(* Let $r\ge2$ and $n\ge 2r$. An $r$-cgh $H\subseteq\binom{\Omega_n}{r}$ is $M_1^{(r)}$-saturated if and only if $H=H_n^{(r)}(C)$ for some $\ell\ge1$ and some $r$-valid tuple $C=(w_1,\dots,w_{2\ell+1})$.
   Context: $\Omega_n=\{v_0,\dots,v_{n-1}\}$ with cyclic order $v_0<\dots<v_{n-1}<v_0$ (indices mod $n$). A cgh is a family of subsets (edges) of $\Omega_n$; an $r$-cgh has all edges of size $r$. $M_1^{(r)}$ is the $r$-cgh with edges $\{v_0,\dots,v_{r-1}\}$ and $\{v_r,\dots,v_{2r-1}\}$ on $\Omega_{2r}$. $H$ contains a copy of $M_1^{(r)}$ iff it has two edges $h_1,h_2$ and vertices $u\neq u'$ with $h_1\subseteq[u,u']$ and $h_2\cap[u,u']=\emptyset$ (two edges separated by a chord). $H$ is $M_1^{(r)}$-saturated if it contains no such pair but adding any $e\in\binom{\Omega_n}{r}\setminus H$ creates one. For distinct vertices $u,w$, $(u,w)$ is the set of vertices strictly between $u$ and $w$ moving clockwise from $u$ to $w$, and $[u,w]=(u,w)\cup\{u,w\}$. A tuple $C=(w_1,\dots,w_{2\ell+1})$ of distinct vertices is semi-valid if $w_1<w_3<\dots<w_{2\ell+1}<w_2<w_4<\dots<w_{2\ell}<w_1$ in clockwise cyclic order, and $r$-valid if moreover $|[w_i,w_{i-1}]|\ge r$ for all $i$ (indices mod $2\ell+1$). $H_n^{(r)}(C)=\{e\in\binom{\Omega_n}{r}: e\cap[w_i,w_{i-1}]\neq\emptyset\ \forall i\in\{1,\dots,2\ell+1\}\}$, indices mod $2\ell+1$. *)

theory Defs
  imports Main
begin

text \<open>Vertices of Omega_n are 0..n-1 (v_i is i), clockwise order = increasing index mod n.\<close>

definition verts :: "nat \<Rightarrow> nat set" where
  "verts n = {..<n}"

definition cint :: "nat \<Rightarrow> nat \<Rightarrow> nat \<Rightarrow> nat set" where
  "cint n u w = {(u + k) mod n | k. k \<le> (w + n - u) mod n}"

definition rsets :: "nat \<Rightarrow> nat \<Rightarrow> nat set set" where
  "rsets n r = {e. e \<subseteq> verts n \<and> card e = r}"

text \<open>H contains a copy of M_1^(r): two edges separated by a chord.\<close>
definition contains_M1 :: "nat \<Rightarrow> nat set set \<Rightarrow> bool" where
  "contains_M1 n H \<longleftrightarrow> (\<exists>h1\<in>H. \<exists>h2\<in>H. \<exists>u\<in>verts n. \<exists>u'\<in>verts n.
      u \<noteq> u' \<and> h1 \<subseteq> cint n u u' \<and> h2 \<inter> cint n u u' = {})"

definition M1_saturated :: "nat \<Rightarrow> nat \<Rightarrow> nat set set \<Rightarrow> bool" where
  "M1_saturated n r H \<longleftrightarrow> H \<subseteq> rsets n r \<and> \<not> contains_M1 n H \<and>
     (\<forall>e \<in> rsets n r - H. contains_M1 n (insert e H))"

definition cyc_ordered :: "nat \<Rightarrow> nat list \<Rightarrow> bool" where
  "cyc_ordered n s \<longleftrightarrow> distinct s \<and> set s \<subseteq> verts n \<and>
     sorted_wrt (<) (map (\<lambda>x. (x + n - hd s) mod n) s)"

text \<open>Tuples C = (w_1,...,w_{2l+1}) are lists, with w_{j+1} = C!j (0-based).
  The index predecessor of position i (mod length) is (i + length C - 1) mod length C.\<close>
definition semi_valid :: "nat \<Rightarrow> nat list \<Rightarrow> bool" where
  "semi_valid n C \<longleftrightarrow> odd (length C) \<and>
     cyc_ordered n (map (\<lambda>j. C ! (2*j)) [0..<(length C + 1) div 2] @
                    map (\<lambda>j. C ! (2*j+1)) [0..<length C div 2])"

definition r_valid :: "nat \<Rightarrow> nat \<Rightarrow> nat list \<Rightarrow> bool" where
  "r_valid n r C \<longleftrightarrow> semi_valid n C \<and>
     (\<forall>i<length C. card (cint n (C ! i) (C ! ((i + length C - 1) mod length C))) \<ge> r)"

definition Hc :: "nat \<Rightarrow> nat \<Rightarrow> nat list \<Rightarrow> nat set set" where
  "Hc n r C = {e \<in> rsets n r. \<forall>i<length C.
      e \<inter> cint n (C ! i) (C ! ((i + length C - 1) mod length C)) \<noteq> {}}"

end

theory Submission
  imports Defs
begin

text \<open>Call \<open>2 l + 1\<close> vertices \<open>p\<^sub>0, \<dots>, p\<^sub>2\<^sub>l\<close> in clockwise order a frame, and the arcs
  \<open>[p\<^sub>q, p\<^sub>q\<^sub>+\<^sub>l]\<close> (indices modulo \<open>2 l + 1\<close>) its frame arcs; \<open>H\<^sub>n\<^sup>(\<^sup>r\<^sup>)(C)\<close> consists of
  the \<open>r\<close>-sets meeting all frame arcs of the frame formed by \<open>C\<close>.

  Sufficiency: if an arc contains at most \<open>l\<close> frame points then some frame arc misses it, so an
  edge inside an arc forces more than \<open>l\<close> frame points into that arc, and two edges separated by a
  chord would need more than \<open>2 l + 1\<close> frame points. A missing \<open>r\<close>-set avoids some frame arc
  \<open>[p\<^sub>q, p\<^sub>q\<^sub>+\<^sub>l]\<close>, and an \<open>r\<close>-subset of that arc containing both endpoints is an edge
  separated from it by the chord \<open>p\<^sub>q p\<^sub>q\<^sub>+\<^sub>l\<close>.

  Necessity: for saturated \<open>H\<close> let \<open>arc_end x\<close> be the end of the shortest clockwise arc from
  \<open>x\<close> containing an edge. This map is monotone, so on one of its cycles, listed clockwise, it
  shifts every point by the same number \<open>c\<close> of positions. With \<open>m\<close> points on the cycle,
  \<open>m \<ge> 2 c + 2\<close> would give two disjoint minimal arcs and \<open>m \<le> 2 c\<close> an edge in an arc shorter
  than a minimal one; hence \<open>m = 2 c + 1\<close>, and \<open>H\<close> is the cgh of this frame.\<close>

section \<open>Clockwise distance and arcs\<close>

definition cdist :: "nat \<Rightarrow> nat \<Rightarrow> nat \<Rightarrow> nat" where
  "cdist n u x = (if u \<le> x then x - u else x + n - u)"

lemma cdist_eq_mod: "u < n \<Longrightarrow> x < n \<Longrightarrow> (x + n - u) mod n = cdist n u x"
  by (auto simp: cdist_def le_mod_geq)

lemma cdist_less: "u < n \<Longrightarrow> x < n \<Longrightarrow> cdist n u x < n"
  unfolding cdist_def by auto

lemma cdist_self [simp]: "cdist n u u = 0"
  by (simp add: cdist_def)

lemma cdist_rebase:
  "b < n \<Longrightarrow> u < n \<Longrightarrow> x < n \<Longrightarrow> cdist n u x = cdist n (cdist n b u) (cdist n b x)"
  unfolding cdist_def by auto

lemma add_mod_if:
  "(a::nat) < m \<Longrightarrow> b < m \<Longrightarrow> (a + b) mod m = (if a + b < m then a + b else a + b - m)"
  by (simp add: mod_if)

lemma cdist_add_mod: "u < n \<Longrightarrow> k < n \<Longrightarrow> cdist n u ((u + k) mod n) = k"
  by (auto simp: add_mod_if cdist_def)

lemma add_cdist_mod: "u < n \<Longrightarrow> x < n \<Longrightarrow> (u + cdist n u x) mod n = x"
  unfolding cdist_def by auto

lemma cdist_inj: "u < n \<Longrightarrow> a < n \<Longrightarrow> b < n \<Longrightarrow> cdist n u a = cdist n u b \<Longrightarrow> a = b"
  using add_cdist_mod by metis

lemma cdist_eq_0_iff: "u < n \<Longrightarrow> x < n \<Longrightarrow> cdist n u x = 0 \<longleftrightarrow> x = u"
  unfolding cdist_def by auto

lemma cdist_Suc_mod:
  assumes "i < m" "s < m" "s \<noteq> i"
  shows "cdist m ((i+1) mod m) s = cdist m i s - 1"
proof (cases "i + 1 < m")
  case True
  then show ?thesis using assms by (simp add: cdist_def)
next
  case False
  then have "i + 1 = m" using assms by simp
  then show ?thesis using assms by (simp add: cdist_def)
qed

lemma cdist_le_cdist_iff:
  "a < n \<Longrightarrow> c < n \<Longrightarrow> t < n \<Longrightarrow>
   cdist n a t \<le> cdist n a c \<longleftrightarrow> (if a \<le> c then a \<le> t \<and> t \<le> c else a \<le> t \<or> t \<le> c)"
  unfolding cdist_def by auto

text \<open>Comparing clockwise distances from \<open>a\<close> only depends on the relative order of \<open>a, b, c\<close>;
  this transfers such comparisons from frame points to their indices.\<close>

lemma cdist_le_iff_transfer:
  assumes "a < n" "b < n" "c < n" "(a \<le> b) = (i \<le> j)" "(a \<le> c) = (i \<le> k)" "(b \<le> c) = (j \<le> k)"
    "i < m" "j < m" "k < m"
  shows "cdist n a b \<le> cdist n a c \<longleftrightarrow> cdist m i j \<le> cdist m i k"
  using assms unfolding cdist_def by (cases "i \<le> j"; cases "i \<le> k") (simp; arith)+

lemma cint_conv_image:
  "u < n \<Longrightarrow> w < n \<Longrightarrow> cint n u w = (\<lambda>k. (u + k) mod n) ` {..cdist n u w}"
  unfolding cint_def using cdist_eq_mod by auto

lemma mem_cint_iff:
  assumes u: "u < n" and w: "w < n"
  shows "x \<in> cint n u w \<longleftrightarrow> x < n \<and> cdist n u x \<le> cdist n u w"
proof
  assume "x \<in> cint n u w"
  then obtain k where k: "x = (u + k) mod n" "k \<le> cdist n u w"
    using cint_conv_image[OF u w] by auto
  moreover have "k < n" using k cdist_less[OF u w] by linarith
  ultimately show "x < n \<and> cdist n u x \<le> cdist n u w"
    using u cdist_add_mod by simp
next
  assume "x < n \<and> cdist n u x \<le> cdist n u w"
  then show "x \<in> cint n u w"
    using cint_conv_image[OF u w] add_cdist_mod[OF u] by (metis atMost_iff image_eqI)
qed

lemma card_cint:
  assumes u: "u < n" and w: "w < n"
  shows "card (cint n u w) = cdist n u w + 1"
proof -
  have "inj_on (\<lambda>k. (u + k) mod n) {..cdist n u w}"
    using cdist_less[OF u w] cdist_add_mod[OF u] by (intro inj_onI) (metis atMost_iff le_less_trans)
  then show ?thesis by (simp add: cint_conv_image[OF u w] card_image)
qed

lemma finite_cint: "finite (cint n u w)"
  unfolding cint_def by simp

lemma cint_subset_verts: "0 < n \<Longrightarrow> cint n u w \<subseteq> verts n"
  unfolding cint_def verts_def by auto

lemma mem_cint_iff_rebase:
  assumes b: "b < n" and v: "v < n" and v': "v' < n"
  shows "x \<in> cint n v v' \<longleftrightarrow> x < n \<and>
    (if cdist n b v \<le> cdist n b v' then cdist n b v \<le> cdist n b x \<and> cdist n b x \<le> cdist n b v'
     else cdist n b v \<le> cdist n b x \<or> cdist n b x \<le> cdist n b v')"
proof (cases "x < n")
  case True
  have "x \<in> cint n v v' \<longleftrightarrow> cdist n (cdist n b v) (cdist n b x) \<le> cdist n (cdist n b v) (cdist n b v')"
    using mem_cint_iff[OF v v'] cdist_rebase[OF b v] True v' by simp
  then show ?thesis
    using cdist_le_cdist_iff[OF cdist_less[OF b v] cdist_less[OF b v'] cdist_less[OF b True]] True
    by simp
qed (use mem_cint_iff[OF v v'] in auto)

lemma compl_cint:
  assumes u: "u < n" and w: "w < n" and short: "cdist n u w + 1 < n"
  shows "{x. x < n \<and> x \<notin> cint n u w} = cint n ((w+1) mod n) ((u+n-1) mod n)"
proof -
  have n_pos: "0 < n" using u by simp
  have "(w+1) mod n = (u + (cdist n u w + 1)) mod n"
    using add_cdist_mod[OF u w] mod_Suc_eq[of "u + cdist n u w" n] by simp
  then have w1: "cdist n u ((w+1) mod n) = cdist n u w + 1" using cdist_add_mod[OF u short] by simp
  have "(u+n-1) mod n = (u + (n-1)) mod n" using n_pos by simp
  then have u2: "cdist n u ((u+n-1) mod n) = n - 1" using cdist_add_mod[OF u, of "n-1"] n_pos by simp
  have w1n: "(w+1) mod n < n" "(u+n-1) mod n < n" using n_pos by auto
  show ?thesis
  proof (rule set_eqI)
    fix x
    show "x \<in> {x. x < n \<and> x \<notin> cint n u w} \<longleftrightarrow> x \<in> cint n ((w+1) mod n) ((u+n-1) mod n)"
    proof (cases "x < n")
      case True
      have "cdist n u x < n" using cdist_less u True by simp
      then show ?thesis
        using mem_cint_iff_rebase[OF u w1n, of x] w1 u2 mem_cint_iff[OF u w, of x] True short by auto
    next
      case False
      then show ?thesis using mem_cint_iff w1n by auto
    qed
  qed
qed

::::::::::

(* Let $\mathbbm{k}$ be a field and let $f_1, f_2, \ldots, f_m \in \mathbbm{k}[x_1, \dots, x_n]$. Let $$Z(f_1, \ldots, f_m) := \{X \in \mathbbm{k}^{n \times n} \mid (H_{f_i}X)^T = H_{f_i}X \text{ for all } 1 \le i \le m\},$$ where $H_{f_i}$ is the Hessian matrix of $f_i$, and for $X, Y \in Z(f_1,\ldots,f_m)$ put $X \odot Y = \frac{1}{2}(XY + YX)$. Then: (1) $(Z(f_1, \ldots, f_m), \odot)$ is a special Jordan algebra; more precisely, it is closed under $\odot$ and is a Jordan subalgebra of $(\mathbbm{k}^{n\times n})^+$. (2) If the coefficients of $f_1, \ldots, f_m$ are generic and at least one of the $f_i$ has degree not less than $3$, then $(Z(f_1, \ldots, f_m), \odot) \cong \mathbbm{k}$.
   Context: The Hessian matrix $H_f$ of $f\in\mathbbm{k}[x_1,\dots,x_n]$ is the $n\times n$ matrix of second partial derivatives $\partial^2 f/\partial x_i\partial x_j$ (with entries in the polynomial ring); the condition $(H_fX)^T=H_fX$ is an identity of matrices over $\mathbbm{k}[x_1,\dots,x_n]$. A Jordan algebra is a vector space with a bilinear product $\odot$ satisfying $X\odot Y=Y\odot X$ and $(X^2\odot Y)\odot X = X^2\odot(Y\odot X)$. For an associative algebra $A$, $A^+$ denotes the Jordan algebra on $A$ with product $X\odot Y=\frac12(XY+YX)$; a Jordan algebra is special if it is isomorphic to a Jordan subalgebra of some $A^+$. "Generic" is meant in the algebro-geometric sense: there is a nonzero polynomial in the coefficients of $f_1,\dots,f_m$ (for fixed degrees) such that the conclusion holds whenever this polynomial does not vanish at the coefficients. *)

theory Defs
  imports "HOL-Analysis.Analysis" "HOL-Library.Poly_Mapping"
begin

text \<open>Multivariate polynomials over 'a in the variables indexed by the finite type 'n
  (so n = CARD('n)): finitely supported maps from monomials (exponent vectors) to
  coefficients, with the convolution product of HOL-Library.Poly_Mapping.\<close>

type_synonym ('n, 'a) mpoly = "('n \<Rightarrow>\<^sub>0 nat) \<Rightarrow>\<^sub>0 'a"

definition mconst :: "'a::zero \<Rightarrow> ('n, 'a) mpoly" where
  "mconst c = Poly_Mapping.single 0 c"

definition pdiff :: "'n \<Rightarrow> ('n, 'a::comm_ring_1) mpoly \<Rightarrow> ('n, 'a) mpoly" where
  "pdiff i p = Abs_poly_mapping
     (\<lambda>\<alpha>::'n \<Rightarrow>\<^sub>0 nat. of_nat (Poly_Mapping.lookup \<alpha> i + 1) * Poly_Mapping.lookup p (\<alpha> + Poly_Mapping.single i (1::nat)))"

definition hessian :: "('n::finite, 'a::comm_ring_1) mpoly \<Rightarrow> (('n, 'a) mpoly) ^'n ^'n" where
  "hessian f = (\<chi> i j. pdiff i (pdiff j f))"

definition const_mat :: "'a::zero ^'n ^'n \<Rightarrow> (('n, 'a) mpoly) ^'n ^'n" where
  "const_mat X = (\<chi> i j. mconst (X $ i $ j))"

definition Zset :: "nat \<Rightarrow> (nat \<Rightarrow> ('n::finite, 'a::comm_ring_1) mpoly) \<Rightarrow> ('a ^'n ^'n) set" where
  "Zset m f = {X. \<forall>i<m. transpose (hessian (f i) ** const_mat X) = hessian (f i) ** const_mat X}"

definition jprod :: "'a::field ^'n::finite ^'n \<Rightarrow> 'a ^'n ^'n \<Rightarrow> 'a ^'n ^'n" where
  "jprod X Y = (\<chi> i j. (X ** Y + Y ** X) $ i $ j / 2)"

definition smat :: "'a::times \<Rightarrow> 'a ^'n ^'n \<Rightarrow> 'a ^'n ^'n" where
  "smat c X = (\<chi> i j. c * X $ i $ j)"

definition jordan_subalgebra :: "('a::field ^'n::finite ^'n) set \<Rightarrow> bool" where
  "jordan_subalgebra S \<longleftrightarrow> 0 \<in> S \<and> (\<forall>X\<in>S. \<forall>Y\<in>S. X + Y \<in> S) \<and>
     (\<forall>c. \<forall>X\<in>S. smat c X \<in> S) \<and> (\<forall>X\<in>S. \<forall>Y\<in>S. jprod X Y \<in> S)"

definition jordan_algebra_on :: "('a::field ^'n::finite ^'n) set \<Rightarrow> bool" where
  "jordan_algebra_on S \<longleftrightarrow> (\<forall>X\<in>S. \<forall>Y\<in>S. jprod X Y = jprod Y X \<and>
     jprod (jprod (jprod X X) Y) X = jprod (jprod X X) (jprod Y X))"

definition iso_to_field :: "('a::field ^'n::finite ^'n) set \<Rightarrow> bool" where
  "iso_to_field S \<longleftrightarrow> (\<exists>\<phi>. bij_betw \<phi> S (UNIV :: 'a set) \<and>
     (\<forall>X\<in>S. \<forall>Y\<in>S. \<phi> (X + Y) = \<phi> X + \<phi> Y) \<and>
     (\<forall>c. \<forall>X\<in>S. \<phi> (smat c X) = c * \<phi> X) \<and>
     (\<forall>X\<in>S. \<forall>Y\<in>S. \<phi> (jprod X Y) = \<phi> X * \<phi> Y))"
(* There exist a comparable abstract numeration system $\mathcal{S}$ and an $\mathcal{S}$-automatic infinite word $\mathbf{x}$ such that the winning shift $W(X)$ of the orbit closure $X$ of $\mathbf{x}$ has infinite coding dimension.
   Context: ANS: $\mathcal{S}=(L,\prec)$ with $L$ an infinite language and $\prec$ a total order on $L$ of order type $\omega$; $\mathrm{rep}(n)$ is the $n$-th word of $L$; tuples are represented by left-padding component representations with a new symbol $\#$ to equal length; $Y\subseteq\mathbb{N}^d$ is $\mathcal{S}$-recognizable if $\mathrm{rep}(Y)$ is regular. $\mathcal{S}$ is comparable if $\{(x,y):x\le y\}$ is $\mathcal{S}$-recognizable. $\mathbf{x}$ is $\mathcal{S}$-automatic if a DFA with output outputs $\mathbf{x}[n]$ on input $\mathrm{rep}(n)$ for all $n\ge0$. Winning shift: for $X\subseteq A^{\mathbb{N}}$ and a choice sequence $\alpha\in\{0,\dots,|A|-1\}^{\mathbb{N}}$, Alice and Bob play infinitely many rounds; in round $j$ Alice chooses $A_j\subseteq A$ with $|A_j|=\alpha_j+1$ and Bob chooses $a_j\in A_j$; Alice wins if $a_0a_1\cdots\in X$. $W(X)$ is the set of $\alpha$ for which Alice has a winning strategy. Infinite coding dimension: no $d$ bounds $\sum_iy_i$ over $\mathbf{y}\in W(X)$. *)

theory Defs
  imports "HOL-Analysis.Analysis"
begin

::::::::::

**Work instruction**
Filter the records for lines holding the string "assms". Copy each one.

**Task answer**
  then show ?thesis using assms by (simp add: cdist_def)
  then have "i + 1 = m" using assms by simp
  then show ?thesis using assms by (simp add: cdist_def)
  using assms unfolding cdist_def by (cases "i \<le> j"; cases "i \<le> k") (simp; arith)+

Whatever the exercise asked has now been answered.